** RECORDED DATA follows **

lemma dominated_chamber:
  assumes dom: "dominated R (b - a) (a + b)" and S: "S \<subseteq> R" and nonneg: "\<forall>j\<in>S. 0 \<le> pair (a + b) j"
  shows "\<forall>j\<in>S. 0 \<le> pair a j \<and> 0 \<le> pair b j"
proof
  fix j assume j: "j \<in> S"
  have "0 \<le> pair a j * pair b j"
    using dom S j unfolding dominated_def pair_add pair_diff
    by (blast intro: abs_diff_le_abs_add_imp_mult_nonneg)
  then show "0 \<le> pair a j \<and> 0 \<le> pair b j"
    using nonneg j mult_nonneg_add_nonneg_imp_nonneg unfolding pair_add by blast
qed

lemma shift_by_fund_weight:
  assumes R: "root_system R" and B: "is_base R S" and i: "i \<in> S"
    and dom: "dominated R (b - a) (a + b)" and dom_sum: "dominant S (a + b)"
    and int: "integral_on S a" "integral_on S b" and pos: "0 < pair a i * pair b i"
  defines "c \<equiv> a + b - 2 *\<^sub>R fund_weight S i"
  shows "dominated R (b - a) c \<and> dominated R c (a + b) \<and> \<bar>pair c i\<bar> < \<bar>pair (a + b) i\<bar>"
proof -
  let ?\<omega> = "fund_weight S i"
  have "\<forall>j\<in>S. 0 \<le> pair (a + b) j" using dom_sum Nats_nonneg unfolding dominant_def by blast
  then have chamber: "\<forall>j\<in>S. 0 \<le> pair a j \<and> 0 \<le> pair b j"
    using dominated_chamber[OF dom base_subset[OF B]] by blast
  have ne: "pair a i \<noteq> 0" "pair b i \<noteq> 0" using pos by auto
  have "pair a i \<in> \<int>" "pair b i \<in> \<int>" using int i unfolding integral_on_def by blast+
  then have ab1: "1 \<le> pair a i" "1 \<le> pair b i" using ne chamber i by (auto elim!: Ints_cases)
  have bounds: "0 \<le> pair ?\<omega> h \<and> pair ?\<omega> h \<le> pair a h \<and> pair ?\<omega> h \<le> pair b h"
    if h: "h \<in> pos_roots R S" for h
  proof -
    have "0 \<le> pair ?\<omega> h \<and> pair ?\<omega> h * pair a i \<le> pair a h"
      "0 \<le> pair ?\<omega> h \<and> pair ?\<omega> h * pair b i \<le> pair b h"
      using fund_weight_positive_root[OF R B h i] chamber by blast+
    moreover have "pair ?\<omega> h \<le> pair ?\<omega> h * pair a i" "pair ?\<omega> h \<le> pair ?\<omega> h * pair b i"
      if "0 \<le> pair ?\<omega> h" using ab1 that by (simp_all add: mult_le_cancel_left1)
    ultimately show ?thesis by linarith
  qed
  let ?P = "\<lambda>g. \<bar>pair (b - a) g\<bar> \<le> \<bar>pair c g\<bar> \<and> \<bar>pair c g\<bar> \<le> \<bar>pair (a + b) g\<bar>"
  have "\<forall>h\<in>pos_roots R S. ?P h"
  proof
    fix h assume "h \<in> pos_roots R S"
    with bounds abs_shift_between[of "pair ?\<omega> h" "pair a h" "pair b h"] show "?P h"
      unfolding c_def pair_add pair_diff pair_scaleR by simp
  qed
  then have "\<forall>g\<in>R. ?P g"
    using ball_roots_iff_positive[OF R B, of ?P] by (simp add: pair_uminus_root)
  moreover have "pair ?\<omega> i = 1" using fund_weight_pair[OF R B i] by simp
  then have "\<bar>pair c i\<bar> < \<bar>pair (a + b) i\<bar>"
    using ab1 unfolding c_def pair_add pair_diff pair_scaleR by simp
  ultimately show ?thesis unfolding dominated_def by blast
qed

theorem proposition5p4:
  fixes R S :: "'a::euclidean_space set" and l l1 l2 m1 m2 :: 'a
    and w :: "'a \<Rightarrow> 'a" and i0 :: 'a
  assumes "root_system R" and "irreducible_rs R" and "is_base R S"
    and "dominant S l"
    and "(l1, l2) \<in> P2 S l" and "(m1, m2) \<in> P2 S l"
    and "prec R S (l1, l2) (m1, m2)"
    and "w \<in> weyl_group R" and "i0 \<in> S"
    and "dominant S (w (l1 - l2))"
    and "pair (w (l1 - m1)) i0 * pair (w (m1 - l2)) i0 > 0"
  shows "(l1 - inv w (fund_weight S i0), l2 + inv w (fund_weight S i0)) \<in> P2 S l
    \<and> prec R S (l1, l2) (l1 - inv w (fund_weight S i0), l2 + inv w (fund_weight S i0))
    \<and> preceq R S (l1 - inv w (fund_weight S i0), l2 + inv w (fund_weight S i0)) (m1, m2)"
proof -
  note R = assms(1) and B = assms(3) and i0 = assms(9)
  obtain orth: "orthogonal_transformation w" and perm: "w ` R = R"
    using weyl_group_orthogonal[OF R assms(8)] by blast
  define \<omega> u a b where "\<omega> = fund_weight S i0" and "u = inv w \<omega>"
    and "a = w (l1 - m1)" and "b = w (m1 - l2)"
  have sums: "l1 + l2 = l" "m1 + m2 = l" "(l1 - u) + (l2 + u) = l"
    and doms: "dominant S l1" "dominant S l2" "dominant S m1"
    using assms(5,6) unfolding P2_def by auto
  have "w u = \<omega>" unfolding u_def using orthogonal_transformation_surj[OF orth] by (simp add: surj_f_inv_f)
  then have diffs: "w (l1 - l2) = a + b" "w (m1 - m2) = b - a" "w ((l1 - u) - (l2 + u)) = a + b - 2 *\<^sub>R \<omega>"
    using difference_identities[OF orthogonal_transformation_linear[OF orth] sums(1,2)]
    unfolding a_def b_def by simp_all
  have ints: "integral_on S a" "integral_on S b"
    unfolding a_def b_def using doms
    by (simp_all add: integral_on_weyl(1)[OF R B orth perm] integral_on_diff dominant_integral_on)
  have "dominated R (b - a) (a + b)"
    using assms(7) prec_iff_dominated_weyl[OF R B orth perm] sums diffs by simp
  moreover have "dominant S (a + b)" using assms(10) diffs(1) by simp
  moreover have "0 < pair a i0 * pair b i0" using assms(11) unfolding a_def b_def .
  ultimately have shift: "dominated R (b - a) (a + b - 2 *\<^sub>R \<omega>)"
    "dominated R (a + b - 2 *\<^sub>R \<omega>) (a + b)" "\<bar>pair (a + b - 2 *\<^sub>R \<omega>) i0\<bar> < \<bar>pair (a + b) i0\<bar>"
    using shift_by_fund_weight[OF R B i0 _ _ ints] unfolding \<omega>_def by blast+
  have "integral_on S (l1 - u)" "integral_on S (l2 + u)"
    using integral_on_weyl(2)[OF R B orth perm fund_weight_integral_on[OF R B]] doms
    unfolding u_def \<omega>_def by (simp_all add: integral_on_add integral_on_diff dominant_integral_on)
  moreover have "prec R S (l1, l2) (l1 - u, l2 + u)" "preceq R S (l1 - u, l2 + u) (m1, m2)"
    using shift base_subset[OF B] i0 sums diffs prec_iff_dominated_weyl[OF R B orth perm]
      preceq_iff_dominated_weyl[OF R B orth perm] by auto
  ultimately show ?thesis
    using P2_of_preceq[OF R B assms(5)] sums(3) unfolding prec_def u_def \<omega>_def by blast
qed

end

** End of RECORDED DATA **
** RECORDED DATA follows **

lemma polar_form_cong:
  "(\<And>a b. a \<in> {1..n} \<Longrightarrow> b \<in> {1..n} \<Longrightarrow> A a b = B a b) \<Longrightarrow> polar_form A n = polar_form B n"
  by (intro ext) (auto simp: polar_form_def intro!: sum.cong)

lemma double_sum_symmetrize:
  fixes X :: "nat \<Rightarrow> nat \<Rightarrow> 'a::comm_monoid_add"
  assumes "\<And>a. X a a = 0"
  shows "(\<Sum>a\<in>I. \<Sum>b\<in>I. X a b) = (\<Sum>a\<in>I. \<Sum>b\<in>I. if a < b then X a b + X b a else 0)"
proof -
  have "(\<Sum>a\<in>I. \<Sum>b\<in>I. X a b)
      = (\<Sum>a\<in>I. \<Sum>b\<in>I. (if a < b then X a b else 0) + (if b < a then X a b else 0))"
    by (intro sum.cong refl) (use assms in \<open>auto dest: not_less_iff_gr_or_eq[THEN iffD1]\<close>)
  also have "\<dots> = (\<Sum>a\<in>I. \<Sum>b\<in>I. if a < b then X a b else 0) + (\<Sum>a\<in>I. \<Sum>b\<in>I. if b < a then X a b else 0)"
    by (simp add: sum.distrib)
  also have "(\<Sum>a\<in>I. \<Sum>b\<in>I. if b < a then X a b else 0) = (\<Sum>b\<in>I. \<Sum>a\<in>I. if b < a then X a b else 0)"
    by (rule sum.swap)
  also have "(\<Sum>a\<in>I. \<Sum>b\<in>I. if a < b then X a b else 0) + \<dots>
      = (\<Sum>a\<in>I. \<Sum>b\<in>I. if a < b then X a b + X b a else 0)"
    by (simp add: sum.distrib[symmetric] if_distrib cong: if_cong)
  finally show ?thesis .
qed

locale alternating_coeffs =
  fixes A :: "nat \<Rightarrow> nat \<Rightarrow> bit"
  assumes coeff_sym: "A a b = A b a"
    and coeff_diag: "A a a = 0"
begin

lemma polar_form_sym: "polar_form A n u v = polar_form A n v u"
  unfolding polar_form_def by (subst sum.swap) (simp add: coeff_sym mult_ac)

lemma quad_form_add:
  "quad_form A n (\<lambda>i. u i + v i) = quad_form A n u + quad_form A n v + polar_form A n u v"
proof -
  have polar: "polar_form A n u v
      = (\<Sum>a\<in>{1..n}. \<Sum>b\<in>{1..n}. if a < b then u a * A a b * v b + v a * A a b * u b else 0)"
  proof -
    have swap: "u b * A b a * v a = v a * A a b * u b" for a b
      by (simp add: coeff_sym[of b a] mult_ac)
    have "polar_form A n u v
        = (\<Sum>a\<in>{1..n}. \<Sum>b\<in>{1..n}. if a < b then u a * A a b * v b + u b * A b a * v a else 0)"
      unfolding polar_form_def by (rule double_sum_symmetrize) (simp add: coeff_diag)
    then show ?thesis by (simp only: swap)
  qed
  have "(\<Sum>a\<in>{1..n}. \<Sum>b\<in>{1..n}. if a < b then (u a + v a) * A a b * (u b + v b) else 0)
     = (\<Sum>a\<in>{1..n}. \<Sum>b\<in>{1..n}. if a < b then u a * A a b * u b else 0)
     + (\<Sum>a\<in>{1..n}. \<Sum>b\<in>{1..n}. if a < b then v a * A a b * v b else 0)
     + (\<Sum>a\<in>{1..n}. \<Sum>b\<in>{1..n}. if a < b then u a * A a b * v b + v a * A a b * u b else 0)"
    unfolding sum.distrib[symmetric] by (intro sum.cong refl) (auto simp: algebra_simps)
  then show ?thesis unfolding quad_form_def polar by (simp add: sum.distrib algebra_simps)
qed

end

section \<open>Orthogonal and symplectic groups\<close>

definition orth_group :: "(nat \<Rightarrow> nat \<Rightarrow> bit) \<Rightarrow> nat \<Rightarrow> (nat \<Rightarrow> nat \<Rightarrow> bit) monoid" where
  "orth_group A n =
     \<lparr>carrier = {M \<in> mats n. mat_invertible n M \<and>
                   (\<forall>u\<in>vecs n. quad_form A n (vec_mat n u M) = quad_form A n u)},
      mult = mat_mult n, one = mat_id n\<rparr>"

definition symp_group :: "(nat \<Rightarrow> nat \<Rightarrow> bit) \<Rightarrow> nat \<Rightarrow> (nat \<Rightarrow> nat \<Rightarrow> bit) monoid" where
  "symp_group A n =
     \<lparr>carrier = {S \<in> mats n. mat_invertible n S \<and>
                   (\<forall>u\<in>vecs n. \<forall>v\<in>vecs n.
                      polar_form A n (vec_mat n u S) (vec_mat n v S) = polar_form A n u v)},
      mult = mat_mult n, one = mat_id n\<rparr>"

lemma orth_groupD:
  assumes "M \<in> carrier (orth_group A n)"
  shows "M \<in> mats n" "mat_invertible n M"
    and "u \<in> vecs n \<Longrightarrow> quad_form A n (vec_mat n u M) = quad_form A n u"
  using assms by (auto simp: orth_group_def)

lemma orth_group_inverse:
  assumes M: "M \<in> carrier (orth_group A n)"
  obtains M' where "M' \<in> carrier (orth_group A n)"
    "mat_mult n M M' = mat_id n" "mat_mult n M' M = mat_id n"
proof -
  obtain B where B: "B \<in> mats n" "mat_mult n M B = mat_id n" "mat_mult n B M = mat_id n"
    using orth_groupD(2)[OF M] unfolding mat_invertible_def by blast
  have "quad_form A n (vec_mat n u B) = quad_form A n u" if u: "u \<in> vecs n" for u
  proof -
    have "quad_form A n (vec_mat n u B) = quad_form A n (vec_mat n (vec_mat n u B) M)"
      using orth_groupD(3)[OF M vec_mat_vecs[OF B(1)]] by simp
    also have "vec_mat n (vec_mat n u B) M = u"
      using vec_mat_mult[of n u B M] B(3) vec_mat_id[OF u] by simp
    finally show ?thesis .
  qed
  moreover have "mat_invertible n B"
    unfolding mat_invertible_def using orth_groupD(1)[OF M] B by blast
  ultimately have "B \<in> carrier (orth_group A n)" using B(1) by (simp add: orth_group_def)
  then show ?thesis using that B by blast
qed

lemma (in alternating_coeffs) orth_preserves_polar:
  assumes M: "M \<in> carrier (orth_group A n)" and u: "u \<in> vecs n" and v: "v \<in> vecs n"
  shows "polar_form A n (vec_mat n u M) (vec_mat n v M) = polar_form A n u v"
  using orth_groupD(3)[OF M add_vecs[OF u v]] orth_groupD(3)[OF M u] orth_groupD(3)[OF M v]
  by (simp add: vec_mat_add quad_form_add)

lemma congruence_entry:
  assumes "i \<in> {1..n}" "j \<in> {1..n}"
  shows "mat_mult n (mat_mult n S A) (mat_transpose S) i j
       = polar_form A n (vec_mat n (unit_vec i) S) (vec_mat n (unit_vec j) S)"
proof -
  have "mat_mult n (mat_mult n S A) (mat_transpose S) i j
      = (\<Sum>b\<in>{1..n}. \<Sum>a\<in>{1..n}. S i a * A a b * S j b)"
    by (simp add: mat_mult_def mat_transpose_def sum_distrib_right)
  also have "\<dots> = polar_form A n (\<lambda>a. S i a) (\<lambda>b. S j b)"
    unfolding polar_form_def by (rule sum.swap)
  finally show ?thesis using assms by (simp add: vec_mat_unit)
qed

** End of RECORDED DATA **
** RECORDED DATA follows **

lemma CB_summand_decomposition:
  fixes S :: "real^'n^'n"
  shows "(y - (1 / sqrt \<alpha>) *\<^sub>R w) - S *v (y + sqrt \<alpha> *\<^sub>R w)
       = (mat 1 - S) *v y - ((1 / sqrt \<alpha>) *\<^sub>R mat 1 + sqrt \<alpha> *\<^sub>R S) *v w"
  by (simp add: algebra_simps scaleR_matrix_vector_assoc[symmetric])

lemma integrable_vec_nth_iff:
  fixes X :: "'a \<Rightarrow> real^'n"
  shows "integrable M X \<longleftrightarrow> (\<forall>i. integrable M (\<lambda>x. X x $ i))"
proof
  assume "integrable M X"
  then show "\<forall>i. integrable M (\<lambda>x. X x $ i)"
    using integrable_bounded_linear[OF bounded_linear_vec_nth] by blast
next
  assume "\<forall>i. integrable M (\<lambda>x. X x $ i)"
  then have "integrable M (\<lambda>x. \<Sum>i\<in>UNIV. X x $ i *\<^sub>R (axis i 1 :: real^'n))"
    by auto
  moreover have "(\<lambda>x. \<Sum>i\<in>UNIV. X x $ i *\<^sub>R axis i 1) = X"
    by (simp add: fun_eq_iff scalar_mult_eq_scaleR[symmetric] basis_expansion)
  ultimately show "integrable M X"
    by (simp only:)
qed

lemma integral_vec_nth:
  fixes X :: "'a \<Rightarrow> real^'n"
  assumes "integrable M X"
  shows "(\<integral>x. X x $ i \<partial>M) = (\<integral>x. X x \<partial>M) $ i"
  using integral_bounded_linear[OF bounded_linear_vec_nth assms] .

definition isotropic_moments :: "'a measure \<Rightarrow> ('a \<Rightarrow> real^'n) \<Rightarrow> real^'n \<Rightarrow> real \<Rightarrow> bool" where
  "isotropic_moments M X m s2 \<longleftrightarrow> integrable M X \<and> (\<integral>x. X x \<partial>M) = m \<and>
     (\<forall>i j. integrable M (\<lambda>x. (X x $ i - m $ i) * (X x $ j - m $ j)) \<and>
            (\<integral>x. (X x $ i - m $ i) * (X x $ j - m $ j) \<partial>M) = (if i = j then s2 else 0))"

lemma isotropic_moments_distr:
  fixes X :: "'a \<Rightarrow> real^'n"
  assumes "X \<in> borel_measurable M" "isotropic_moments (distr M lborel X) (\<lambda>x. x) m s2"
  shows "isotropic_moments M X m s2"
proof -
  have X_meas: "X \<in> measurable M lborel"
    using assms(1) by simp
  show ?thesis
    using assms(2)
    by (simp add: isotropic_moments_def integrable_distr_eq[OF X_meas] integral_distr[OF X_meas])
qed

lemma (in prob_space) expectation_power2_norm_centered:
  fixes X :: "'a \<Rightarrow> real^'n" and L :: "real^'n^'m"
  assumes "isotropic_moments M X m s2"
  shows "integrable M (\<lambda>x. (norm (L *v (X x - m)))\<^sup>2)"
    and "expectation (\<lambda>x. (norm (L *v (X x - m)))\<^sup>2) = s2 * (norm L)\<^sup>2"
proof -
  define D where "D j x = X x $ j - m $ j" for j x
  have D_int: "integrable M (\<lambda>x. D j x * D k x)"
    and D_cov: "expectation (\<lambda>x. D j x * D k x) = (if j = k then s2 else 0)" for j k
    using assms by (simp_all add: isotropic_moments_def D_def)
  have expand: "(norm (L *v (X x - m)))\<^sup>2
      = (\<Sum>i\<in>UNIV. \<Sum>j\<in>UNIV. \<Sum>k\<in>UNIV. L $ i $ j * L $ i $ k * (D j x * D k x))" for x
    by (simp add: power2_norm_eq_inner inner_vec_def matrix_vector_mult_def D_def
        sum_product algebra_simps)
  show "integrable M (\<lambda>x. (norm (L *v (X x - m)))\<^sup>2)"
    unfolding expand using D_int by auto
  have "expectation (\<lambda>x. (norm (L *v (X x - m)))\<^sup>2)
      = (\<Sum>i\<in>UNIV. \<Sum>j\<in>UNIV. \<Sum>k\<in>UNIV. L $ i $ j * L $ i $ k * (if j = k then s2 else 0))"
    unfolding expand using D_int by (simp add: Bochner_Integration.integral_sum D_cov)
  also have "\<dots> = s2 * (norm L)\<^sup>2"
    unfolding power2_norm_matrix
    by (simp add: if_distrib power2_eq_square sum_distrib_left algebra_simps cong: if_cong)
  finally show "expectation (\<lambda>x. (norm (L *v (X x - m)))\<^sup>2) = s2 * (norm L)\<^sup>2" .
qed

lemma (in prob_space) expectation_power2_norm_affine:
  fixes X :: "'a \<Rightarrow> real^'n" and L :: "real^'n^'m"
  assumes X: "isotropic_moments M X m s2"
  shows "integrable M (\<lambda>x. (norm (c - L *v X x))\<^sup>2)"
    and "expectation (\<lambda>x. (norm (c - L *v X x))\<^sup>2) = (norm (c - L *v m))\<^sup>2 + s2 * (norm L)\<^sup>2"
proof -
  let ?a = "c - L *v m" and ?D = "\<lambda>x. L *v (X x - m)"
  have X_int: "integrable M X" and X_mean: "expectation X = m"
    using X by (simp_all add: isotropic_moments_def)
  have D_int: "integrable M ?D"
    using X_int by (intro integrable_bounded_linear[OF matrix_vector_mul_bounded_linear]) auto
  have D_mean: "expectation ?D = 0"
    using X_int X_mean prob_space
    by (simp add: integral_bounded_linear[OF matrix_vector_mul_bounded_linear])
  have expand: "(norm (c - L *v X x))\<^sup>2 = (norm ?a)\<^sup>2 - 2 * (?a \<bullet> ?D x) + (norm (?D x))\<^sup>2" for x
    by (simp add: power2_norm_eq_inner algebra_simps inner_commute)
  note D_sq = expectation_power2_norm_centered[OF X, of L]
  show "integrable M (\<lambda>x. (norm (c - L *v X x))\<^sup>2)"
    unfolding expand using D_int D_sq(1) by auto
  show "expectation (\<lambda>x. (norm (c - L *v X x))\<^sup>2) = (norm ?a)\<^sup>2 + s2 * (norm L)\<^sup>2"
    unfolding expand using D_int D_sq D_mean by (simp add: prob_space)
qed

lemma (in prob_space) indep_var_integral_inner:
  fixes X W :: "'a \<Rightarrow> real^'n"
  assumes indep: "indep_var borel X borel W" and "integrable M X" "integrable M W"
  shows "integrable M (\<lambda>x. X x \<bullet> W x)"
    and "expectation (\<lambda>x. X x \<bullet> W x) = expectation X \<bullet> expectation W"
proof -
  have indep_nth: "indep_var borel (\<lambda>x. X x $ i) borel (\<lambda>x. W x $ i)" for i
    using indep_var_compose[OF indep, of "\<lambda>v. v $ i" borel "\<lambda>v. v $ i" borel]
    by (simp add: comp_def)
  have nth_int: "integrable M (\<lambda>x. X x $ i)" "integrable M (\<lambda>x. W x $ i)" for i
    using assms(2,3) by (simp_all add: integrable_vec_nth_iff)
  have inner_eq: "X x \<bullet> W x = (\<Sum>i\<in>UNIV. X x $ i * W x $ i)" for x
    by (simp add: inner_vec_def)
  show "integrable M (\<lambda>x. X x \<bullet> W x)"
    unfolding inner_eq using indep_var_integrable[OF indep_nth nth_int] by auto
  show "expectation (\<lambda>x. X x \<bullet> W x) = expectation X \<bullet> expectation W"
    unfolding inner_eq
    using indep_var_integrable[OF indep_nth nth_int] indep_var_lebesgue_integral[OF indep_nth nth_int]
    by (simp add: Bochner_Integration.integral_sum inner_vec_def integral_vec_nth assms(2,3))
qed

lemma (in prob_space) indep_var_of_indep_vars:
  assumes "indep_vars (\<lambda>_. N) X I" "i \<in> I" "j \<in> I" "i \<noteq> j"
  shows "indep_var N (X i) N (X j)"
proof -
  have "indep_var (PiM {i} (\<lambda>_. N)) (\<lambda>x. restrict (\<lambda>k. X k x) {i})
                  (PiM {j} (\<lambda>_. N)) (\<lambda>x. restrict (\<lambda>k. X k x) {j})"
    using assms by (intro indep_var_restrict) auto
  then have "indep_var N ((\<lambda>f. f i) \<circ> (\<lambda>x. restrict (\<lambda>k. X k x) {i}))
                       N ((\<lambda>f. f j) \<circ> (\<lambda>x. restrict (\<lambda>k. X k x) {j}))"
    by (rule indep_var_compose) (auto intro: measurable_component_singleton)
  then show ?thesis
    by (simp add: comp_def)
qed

** End of RECORDED DATA **

§ **WHAT IS NEEDED**: Your response should be each line that includes the word "noteq", copied from the records.

§ **SOLUTION FOR THIS EXERCISE**:
  have ne: "pair a i \<noteq> 0" "pair b i \<noteq> 0" using pos by auto
  assumes "indep_vars (\<lambda>_. N) X I" "i \<in> I" "j \<in> I" "i \<noteq> j"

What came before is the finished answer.